The week drags on. I can barely remember what day it is. Every day feels like the last. I don’t leave the house. I don’t go to the store. I don’t see my students. This doesn’t feel real.
I spent most of Friday thinking that it’s Thursday. I suppose it doesn’t matter what day it is. Either way, it’s a good day. I wake up, and I go to meet a contractor at my site. The drive is eerie. The highway is rather empty. It’s not completely desolate; those stores which we’ve deemed essential remain open. Everything else seems frozen in time. I’m anxious as I drive. I’ve been home for so long. It’s weird to be out. The highway is filled with signs that caution drivers against non-essential driving. I silently wonder, “If I’m pulled over, will they consider this drive essential?” To me, it is.
Shortly after I arrive, a county utility vehicle pulls up. Are they coming to take my dear dead deer friends away? Yes, yes they are! What a coincidence! I haven’t been here in over a week. I point out the second deer in the ditch. He takes them both away. I’m left with a pile of fur, but I’m sure it’ll blow away and degrade over time. My dear dead deer friends are gone.
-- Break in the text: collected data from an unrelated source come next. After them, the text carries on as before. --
(* Let $x$ be a left-computable number that is nearly computable. Then $x$ is regainingly approximable if and only if $x$ is speedable.
   Context: A real number is left-computable if there is a computable non-decreasing sequence of rationals converging to it. A real $x$ is regainingly approximable if there is a computable non-decreasing sequence of rationals $(x_n)_n$ converging to $x$ with $x - x_n < 2^{-n}$ for infinitely many $n\in\mathbb{N}$. A left-computable $x$ is speedable if there exist $\rho\in(0,1)$ and a computable strictly increasing sequence of rationals $(x_n)_n$ converging to $x$ such that $\frac{x-x_{n+1}}{x-x_n}\le\rho$ for infinitely many $n$. A function $f:\mathbb{N}\to\mathbb{N}$ is a modulus of convergence of a convergent sequence $(y_n)_n$ with limit $y$ if for all $n$ and all $m\ge f(n)$ we have $|y-y_m|<2^{-n}$; $(y_n)_n$ converges computably if it has a computable modulus of convergence. A sequence $(x_n)_n$ converges nearly computably if it converges and for every computable increasing function $s:\mathbb{N}\to\mathbb{N}$ the sequence $(x_{s(n+1)}-x_{s(n)})_n$ converges computably to $0$. A real is nearly computable if some computable sequence of rationals converges nearly computably to it. *)

theory Defs
  imports Complex_Main
begin

datatype recf = Zero | Succ | Proj nat | Comp recf "recf list" | Prim recf recf | Mn recf

inductive eval_rf :: "recf \<Rightarrow> nat list \<Rightarrow> nat \<Rightarrow> bool" where
  zero: "eval_rf Zero xs 0"
| succ: "eval_rf Succ (x # xs) (Suc x)"
| proj: "i < length xs \<Longrightarrow> eval_rf (Proj i) xs (xs ! i)"
| comp: "length ys = length gs \<Longrightarrow> (\<forall>i < length gs. eval_rf (gs ! i) xs (ys ! i))
          \<Longrightarrow> eval_rf f ys z \<Longrightarrow> eval_rf (Comp f gs) xs z"
| prim0: "eval_rf f xs y \<Longrightarrow> eval_rf (Prim f g) (0 # xs) y"
| primS: "eval_rf (Prim f g) (n # xs) y \<Longrightarrow> eval_rf g (n # y # xs) z
          \<Longrightarrow> eval_rf (Prim f g) (Suc n # xs) z"
| mn: "eval_rf f (n # xs) 0 \<Longrightarrow> (\<forall>m < n. \<exists>y. eval_rf f (m # xs) y \<and> 0 < y)
          \<Longrightarrow> eval_rf (Mn f) xs n"

definition computable_nat :: "(nat \<Rightarrow> nat) \<Rightarrow> bool" where
  "computable_nat f \<longleftrightarrow> (\<exists>r. \<forall>n. eval_rf r [n] (f n))"

definition computable_rat_seq :: "(nat \<Rightarrow> rat) \<Rightarrow> bool" where
  "computable_rat_seq q \<longleftrightarrow> (\<exists>a b c. computable_nat a \<and> computable_nat b \<and> computable_nat c \<and>
      (\<forall>n. q n = (of_nat (a n) - of_nat (b n)) / of_nat (Suc (c n))))"

definition left_computable :: "real \<Rightarrow> bool" where
  "left_computable x \<longleftrightarrow> (\<exists>q. computable_rat_seq q \<and> mono q \<and>
      (\<lambda>n. real_of_rat (q n)) \<longlonglongrightarrow> x)"

definition regainingly_approximable :: "real \<Rightarrow> bool" where
  "regainingly_approximable x \<longleftrightarrow> (\<exists>q. computable_rat_seq q \<and> mono q \<and>
      (\<lambda>n. real_of_rat (q n)) \<longlonglongrightarrow> x \<and>
      infinite {n. x - real_of_rat (q n) < 1 / 2 ^ n})"

definition speedable :: "real \<Rightarrow> bool" where
  "speedable x \<longleftrightarrow> left_computable x \<and>
     (\<exists>\<rho>::real. 0 < \<rho> \<and> \<rho> < 1 \<and> (\<exists>q. computable_rat_seq q \<and> strict_mono q \<and>
        (\<lambda>n. real_of_rat (q n)) \<longlonglongrightarrow> x \<and>
        infinite {n. (x - real_of_rat (q (Suc n))) / (x - real_of_rat (q n)) \<le> \<rho>}))"

definition is_modulus :: "(nat \<Rightarrow> nat) \<Rightarrow> (nat \<Rightarrow> real) \<Rightarrow> real \<Rightarrow> bool" where
  "is_modulus f y L \<longleftrightarrow> (\<forall>n. \<forall>m \<ge> f n. \<bar>L - y m\<bar> < 1 / 2 ^ n)"

definition converges_computably_to :: "(nat \<Rightarrow> real) \<Rightarrow> real \<Rightarrow> bool" where
  "converges_computably_to y L \<longleftrightarrow> y \<longlonglongrightarrow> L \<and> (\<exists>f. computable_nat f \<and> is_modulus f y L)"

definition converges_nearly_computably :: "(nat \<Rightarrow> real) \<Rightarrow> bool" where
  "converges_nearly_computably y \<longleftrightarrow> convergent y \<and>
     (\<forall>s. computable_nat s \<and> strict_mono s \<longrightarrow>
        converges_computably_to (\<lambda>n. y (s (Suc n)) - y (s n)) 0)"

definition nearly_computable :: "real \<Rightarrow> bool" where
  "nearly_computable x \<longleftrightarrow> (\<exists>q. computable_rat_seq q \<and>
      converges_nearly_computably (\<lambda>n. real_of_rat (q n)) \<and>
      (\<lambda>n. real_of_rat (q n)) \<longlonglongrightarrow> x)"

end

theory Submission
  imports Defs "HOL-Library.Infinite_Set"
begin

text \<open>
  If \<open>x - q n < 2^-n\<close> infinitely often, the errors \<open>e n\<close> of the strictly increasing
  approximation \<open>q n - 2^-n\<close> are infinitely often below \<open>2 * 2^-n\<close>; hence the ratio
  \<open>e (n + 1) / e n\<close> cannot eventually exceed \<open>3/4\<close>, which is a speedup.

  Conversely, let \<open>q\<close> witness speedability with ratio \<open>\<rho>\<close> and let \<open>y\<close> converge nearly
  computably to \<open>x\<close>. One computably finds stages \<open>s\<close> with \<open>|y - q| < 2^-j\<close> at stage
  \<open>s (j + 1)\<close>. A speedup inside the block \<open>[s j, s (j + 1))\<close> makes the gain
  \<open>q (s (j + 1)) - q (s j)\<close> at least \<open>(1 - \<rho>) (x - q (s (j + 1)))\<close>, while near computability,
  applied to the computable sequence \<open>s\<close>, gives a computable modulus bounding these gains
  through the values of \<open>y\<close>. Grouping the blocks into computable, sufficiently long
  superblocks and sampling \<open>q\<close> at their right ends yields a regaining approximation.
\<close>

section \<open>Mu-recursive functions of several arguments\<close>

definition computable_fun :: "nat \<Rightarrow> (nat list \<Rightarrow> nat) \<Rightarrow> bool" where
  "computable_fun k F \<longleftrightarrow> (\<exists>r. \<forall>xs. length xs = k \<longrightarrow> eval_rf r xs (F xs))"

lemma computable_fun_cong:
  assumes "computable_fun k F" "\<And>xs. length xs = k \<Longrightarrow> F xs = G xs"
  shows "computable_fun k G"
  using assms unfolding computable_fun_def by metis

lemma computable_fun_zero: "computable_fun k (\<lambda>_. 0)"
  unfolding computable_fun_def by (auto intro: eval_rf.zero)

lemma computable_fun_proj: "i < k \<Longrightarrow> computable_fun k (\<lambda>xs. xs ! i)"
  unfolding computable_fun_def by (auto intro!: exI[of _ "Proj i"] eval_rf.proj)

lemma computable_fun_comp1:
  assumes "computable_fun 1 F" "computable_fun k G"
  shows "computable_fun k (\<lambda>xs. F [G xs])"
proof -
  obtain rf where "\<forall>xs. length xs = 1 \<longrightarrow> eval_rf rf xs (F xs)"
    using assms(1) unfolding computable_fun_def by blast
  moreover obtain r where "\<forall>xs. length xs = k \<longrightarrow> eval_rf r xs (G xs)"
    using assms(2) unfolding computable_fun_def by blast
  ultimately have "eval_rf (Comp rf [r]) xs (F [G xs])" if "length xs = k" for xs
    using that by (intro eval_rf.comp[where ys = "[G xs]"]) auto
  then show ?thesis unfolding computable_fun_def by blast
qed

lemma computable_fun_comp2:
  assumes "computable_fun 2 F" "computable_fun k G1" "computable_fun k G2"
  shows "computable_fun k (\<lambda>xs. F [G1 xs, G2 xs])"
proof -
  obtain rf where "\<forall>xs. length xs = 2 \<longrightarrow> eval_rf rf xs (F xs)"
    using assms(1) unfolding computable_fun_def by blast
  moreover obtain r1 where "\<forall>xs. length xs = k \<longrightarrow> eval_rf r1 xs (G1 xs)"
    using assms(2) unfolding computable_fun_def by blast
  moreover obtain r2 where "\<forall>xs. length xs = k \<longrightarrow> eval_rf r2 xs (G2 xs)"
    using assms(3) unfolding computable_fun_def by blast
  ultimately have "eval_rf (Comp rf [r1, r2]) xs (F [G1 xs, G2 xs])" if "length xs = k" for xs
    using that by (intro eval_rf.comp[where ys = "[G1 xs, G2 xs]"]) (auto simp: less_Suc_eq)
  then show ?thesis unfolding computable_fun_def by blast
qed

lemma computable_fun_succ: "computable_fun k G \<Longrightarrow> computable_fun k (\<lambda>xs. Suc (G xs))"
proof -
  have "computable_fun 1 (\<lambda>xs. Suc (xs ! 0))"
    unfolding computable_fun_def
    by (rule exI[of _ Succ]) (auto simp: length_Suc_conv intro: eval_rf.succ)
  then show "computable_fun k G \<Longrightarrow> computable_fun k (\<lambda>xs. Suc (G xs))"
    using computable_fun_comp1 by fastforce
qed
Al Sodano, from Sodano Construction, meets me at the school. He gives me a proposal, and it’s perfect. He leaves, and I spend some time carefully reviewing the contract. It’s perfect. It’s detailed, it includes everything it should, and he guarantees that he’ll finish construction within 12 weeks of starting the project. He’ll put the permit applications in right away. It doesn’t take me long to decide. This contract is everything I needed it to be, and I’ve been referred to him by at least 6 different people. He hasn’t been gone long. I write a check, and I head to his office. I drop off a check, a signed contract, and signed and sealed plans. I have a contractor!
It’s been a crazy week, but I’m glad it’s ended on a positive note. I have a contractor. My permit application has been submitted. The town is still inspecting vacant commercial properties. My dear dead deer friends are gone. All things considered; I’m doing pretty good.